PINTAR press release, 1 July 2022
The Indonesian government must strengthen measures to ensure the safety, operation and involvement of pharmacy personnel in future pandemic response efforts, a new study in Indonesia has revealed.
Researchers from Indonesia, Australia, and the UK interviewed pharmacists and pharmacy technicians to explore their experiences, safety concerns, and attitudes during the COVID-19 outbreaks in Indonesia, a country recording more than six million cases and 150 thousand deaths due to COVID-19. The results were published today in PLOS Global Public Health.

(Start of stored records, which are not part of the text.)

(* Let $N, K \geq 2$ be integers, let $N_0>0$, $P>0$, $T>0$, and fix an index $i \in \{1,\ldots,K\}$. Let $\mathbf{s}_k \in \mathbb{C}^N$ for $k \neq i$ be given and fixed, and consider $$\operatorname{SINR}(\mathbf{s}_i)_i = \left\{ \frac{1}{6N^2}\sum_{k=1, k\neq i}^K \sum_{m=1}^N S_m^{i,k} + \frac{N_0}{2PT}\right\}^{-1/2}$$ as a function of $\mathbf{s}_i \in \mathbb{C}^N$ subject to $\|\mathbf{s}_i\|^2 = N$. Let $\lambda^{(i)}_{\min}\ (\geq 0)$ be the minimum eigenvalue of the positive semidefinite Hermitian matrix $$\Sigma_i = \sum_{k=1, k \neq i}^K \sum_{m=1}^N \left[(\mathbf{s}_k^* Q_m \mathbf{s}_k) Q_m + (\mathbf{s}_k^* \hat{Q}_m \mathbf{s}_k)\hat{Q}_m\right],$$ and let $\mathbf{u}_i$ be a corresponding eigenvector with $\|\mathbf{u}_i\|=1$. Then $\mathbf{s}_i^\star = \sqrt{N}\,\mathbf{u}_i$ maximizes $\operatorname{SINR}(\mathbf{s}_i)_i$ over all $\mathbf{s}_i\in\mathbb{C}^N$ with $\|\mathbf{s}_i\|^2=N$, and the maximum value is $$\operatorname{SINR}_i^\star = \operatorname{SINR}(\mathbf{s}_i^\star)_i = \left\{\frac{\lambda^{(i)}_{\min}}{6N} + \frac{N_0}{2PT}\right\}^{-1/2}.$$
   Context: Indices run over $1,\ldots,N$; $j$ is the imaginary unit and $\mathbf{z}^*$ denotes conjugate transpose. $V$ and $\hat V$ are the $N\times N$ unitary matrices with entries $V_{m,n} = \frac{1}{\sqrt N}\exp(-2\pi j \frac{mn}{N})$ and $\hat V_{m,n} = \frac{1}{\sqrt N}\exp\!\left(-2\pi j n(\frac{m}{N} + \frac{1}{2N})\right)$. For $m=1,\ldots,N$, $C_m$ (resp. $\hat C_m$) is the $N\times N$ diagonal matrix whose only nonzero entry is the $(m,m)$ entry, equal to $\sqrt{1+\frac12\cos(2\pi \frac mN)}$ (resp. $\sqrt{1+\frac12\cos(2\pi(\frac mN+\frac1{2N}))}$). Set $Q_m = V^* C_m V$ and $\hat Q_m = \hat V^* \hat C_m \hat V$. For sequences $\mathbf{s}_i,\mathbf{s}_k\in\mathbb{C}^N$, $S_m^{i,k} = (\mathbf{s}_i^* Q_m \mathbf{s}_i)(\mathbf{s}_k^* Q_m \mathbf{s}_k) + (\mathbf{s}_i^* \hat Q_m \mathbf{s}_i)(\mathbf{s}_k^* \hat Q_m \mathbf{s}_k)$. (This SINR models user $i$ of a $K$-user asynchronous BPSK CDMA system with spreading sequences $\mathbf{s}_k$ of length $N$, signal power $P$, symbol duration $T$ and noise spectral density $N_0/2$.) *)

theory Defs
  imports Complex_Main
begin

text \<open>Vectors in C^N are functions nat => complex, indexed by 1..N;
  N x N matrices are functions nat => nat => complex, indexed by 1..N.\<close>

definition mmult :: "nat \<Rightarrow> (nat \<Rightarrow> nat \<Rightarrow> complex) \<Rightarrow> (nat \<Rightarrow> nat \<Rightarrow> complex) \<Rightarrow> nat \<Rightarrow> nat \<Rightarrow> complex" where
  "mmult N A B = (\<lambda>a b. \<Sum>c\<in>{1..N}. A a c * B c b)"

definition adj :: "(nat \<Rightarrow> nat \<Rightarrow> complex) \<Rightarrow> nat \<Rightarrow> nat \<Rightarrow> complex" where
  "adj A = (\<lambda>a b. cnj (A b a))"

definition Vmat :: "nat \<Rightarrow> nat \<Rightarrow> nat \<Rightarrow> complex" where
  "Vmat N = (\<lambda>m n. complex_of_real (1 / sqrt (real N)) *
      exp (- 2 * pi * \<i> * of_real (real m * real n / real N)))"

definition Vhat :: "nat \<Rightarrow> nat \<Rightarrow> nat \<Rightarrow> complex" where
  "Vhat N = (\<lambda>m n. complex_of_real (1 / sqrt (real N)) *
      exp (- 2 * pi * \<i> * of_real (real n * (real m / real N + 1 / (2 * real N)))))"

definition Cmat :: "nat \<Rightarrow> nat \<Rightarrow> nat \<Rightarrow> nat \<Rightarrow> complex" where
  "Cmat N m = (\<lambda>a b. if a = m \<and> b = m
      then complex_of_real (sqrt (1 + 1/2 * cos (2 * pi * real m / real N))) else 0)"

definition Chat :: "nat \<Rightarrow> nat \<Rightarrow> nat \<Rightarrow> nat \<Rightarrow> complex" where
  "Chat N m = (\<lambda>a b. if a = m \<and> b = m
      then complex_of_real (sqrt (1 + 1/2 * cos (2 * pi * (real m / real N + 1 / (2 * real N))))) else 0)"

definition Qmat :: "nat \<Rightarrow> nat \<Rightarrow> nat \<Rightarrow> nat \<Rightarrow> complex" where
  "Qmat N m = mmult N (adj (Vmat N)) (mmult N (Cmat N m) (Vmat N))"

definition Qhat :: "nat \<Rightarrow> nat \<Rightarrow> nat \<Rightarrow> nat \<Rightarrow> complex" where
  "Qhat N m = mmult N (adj (Vhat N)) (mmult N (Chat N m) (Vhat N))"

definition qform :: "nat \<Rightarrow> (nat \<Rightarrow> nat \<Rightarrow> complex) \<Rightarrow> (nat \<Rightarrow> complex) \<Rightarrow> complex" where
  "qform N A x = (\<Sum>a\<in>{1..N}. \<Sum>b\<in>{1..N}. cnj (x a) * A a b * x b)"

definition sqnorm :: "nat \<Rightarrow> (nat \<Rightarrow> complex) \<Rightarrow> real" where
  "sqnorm N x = (\<Sum>a\<in>{1..N}. (cmod (x a))\<^sup>2)"

text \<open>S_m^{i,k} for sequences x = s_i and y = s_k.\<close>
definition Sterm :: "nat \<Rightarrow> nat \<Rightarrow> (nat \<Rightarrow> complex) \<Rightarrow> (nat \<Rightarrow> complex) \<Rightarrow> complex" where
  "Sterm N m x y = qform N (Qmat N m) x * qform N (Qmat N m) y
                 + qform N (Qhat N m) x * qform N (Qhat N m) y"

text \<open>SINR of user i; s k is the spreading sequence of user k. The bracketed quantity
  is real (quadratic forms of Hermitian matrices); we take its real part.\<close>
definition SINR :: "nat \<Rightarrow> nat \<Rightarrow> real \<Rightarrow> real \<Rightarrow> real \<Rightarrow> (nat \<Rightarrow> nat \<Rightarrow> complex) \<Rightarrow> nat \<Rightarrow> real" where
  "SINR N K N0 P T s i =
     (Re (\<Sum>k\<in>{1..K} - {i}. \<Sum>m\<in>{1..N}. Sterm N m (s i) (s k)) / (6 * (real N)\<^sup>2)
      + N0 / (2 * P * T)) powr (-1/2)"

definition Sigma :: "nat \<Rightarrow> nat \<Rightarrow> (nat \<Rightarrow> nat \<Rightarrow> complex) \<Rightarrow> nat \<Rightarrow> nat \<Rightarrow> nat \<Rightarrow> complex" where
  "Sigma N K s i = (\<lambda>a b. \<Sum>k\<in>{1..K} - {i}. \<Sum>m\<in>{1..N}.
      qform N (Qmat N m) (s k) * Qmat N m a b + qform N (Qhat N m) (s k) * Qhat N m a b)"

definition is_eigvec :: "nat \<Rightarrow> (nat \<Rightarrow> nat \<Rightarrow> complex) \<Rightarrow> (nat \<Rightarrow> complex) \<Rightarrow> complex \<Rightarrow> bool" where
  "is_eigvec N A v \<mu> \<longleftrightarrow> (\<exists>a\<in>{1..N}. v a \<noteq> 0) \<and>
      (\<forall>a\<in>{1..N}. (\<Sum>b\<in>{1..N}. A a b * v b) = \<mu> * v a)"

definition is_eigval :: "nat \<Rightarrow> (nat \<Rightarrow> nat \<Rightarrow> complex) \<Rightarrow> complex \<Rightarrow> bool" where
  "is_eigval N A \<mu> \<longleftrightarrow> (\<exists>v. is_eigvec N A v \<mu>)"

text \<open>Minimum eigenvalue of a Hermitian matrix (all eigenvalues are real).\<close>
definition is_min_eigval :: "nat \<Rightarrow> (nat \<Rightarrow> nat \<Rightarrow> complex) \<Rightarrow> real \<Rightarrow> bool" where
  "is_min_eigval N A lam \<longleftrightarrow> is_eigval N A (complex_of_real lam) \<and>
      (\<forall>\<mu>. is_eigval N A \<mu> \<longrightarrow> lam \<le> Re \<mu>)"

end

theory Submission
  imports Defs "HOL-Analysis.Analysis"
begin

text \<open>
  With \<open>\<Sigma> = Sigma N K s i\<close>, the bracket in \<open>SINR\<close> is \<open>x\<^sup>* \<Sigma> x / (6 N\<^sup>2) + N0 / (2 P T)\<close>,
  and \<open>\<Sigma>\<close> is positive semidefinite, being a nonnegative combination of the matrices
  \<open>Q\<^sub>m = V\<^sup>* C\<^sub>m V\<close> and \<open>Q\<^sub>m'\<close> with \<open>C\<^sub>m\<close> a nonnegative diagonal matrix. As \<open>t \<mapsto> t powr (-1/2)\<close>
  is decreasing, maximising the SINR on the sphere \<open>\<parallel>x\<parallel>\<^sup>2 = N\<close> means minimising the Rayleigh
  quotient of \<open>\<Sigma>\<close>. A minimiser of \<open>x\<^sup>* \<Sigma> x\<close> on the compact unit sphere, with minimum \<open>\<mu>\<close>, is an
  eigenvector for \<open>\<mu>\<close>, so \<open>\<lambda>\<^sub>m\<^sub>i\<^sub>n \<le> \<mu>\<close> and \<open>\<lambda>\<^sub>m\<^sub>i\<^sub>n \<parallel>x\<parallel>\<^sup>2 \<le> x\<^sup>* \<Sigma> x\<close> for all \<open>x\<close>, with equality at
  \<open>x = \<surd>N u\<close>.
\<close>

definition mat_vec :: "nat \<Rightarrow> (nat \<Rightarrow> nat \<Rightarrow> complex) \<Rightarrow> (nat \<Rightarrow> complex) \<Rightarrow> nat \<Rightarrow> complex" where
  "mat_vec N A x = (\<lambda>a. \<Sum>b\<in>{1..N}. A a b * x b)"

definition cinner :: "nat \<Rightarrow> (nat \<Rightarrow> complex) \<Rightarrow> (nat \<Rightarrow> complex) \<Rightarrow> complex" where
  "cinner N x y = (\<Sum>a\<in>{1..N}. cnj (x a) * y a)"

“We conducted 21 in-depth interviews with staff recruited from 16 provinces,” says lead author Dr Luh Putu Lila Wulandari. “Most participants were pharmacists that had been working in the same establishment, including large retail chain and independent small pharmacies, for at least three years.”
Pharmacists and pharmacy technicians reported increased demand for their services because people were worried about being forced into hospital quarantine if they were found to be infected with COVID-19 when visiting clinics and hospitals. Some community pharmacies also managed to maintain, and even increase, their services through remote sales.
Community pharmacies reported significant challenges. Pharmacists and pharmacy technicians not only felt highly exposed to the virus, but they also reported higher costs and frequent stockouts of face masks, hand sanitizers, and medicines. Although this was a worldwide problem during the acute phases of the outbreak, it was particularly challenging in low- and middle-income countries where supply chains are more vulnerable to stockouts.
Community pharmacies as key players in the health system
Community pharmacies are traditionally the first point of contact between clients and the health system in many countries, especially where the availability of public health services is limited.
COVID-19 has highlighted the critical role that these providers play in the health system, especially as many primary health centres (so-called puskesmas) were forced to shut down due to high infection rates among health workers. At the start of the outbreak, the Indonesian government urged pharmacies to stay open and ensure access to medicines and personal protective equipment (PPE), disseminate information on COVID-19 and refer clients to health facilities.
In addition to the large number of community pharmacies, informal drug outlets are also prolific in Indonesia. However, the study could only focus on licensed pharmacies, as Dr Luh Putu Lila Wulandari explains:
“At the time of data collection, lockdown measures prevented us from capturing the views and experiences of informal drug outlets. It is important to recognise the critical of these providers as sources of medicines and PPE in Indonesia.”
Providing health advice and promoting appropriate use of antibiotics
Most participants were interested in receiving regular updates about COVID-19 and listed the Ministry of Health, the District Health Office, and the Indonesian Pharmacist Associations as reliable information sources. By contrast, some participants were concerned that information spread via social media could be false or inaccurate.
“Another concerning finding from this study is the steep increase in the demand for antibiotics, even if these medicines are not recommended for the management of COVID-19,” explains Dr Marco Liverani from the London School of Hygiene & Tropical Medicine, who co-led the study.
The inappropriate use of these precious medicines leads to antimicrobial resistance. As such, the government should implement additional regulatory measures to monitor antibiotic use and raise awareness about the importance of using such medicines appropriately during this pandemic and in future emergencies.
This research is part of PINTAR (Protecting Indonesia from the Threat of Antibiotic Resistance), a larger study that aims to improve antibiotic dispensing in the community and combat the spread of antimicrobial resistance. Both studies are led by the Kirby Institute of Australia’s University of New South Wales (UNSW) in collaboration with Universitas Gadjah Mada and Universitas Sebelas Maret in Indonesia, the Indonesian Ministry of Health, the London School of Hygiene & Tropical Medicine and the University College London in the UK, and The George Institute for Global Health at UNSW Sydney.
The study is supported by a grant from the Indo-Pacific Centre for Health Security (DFAT) under the Australian Government’s Health Security Initiative.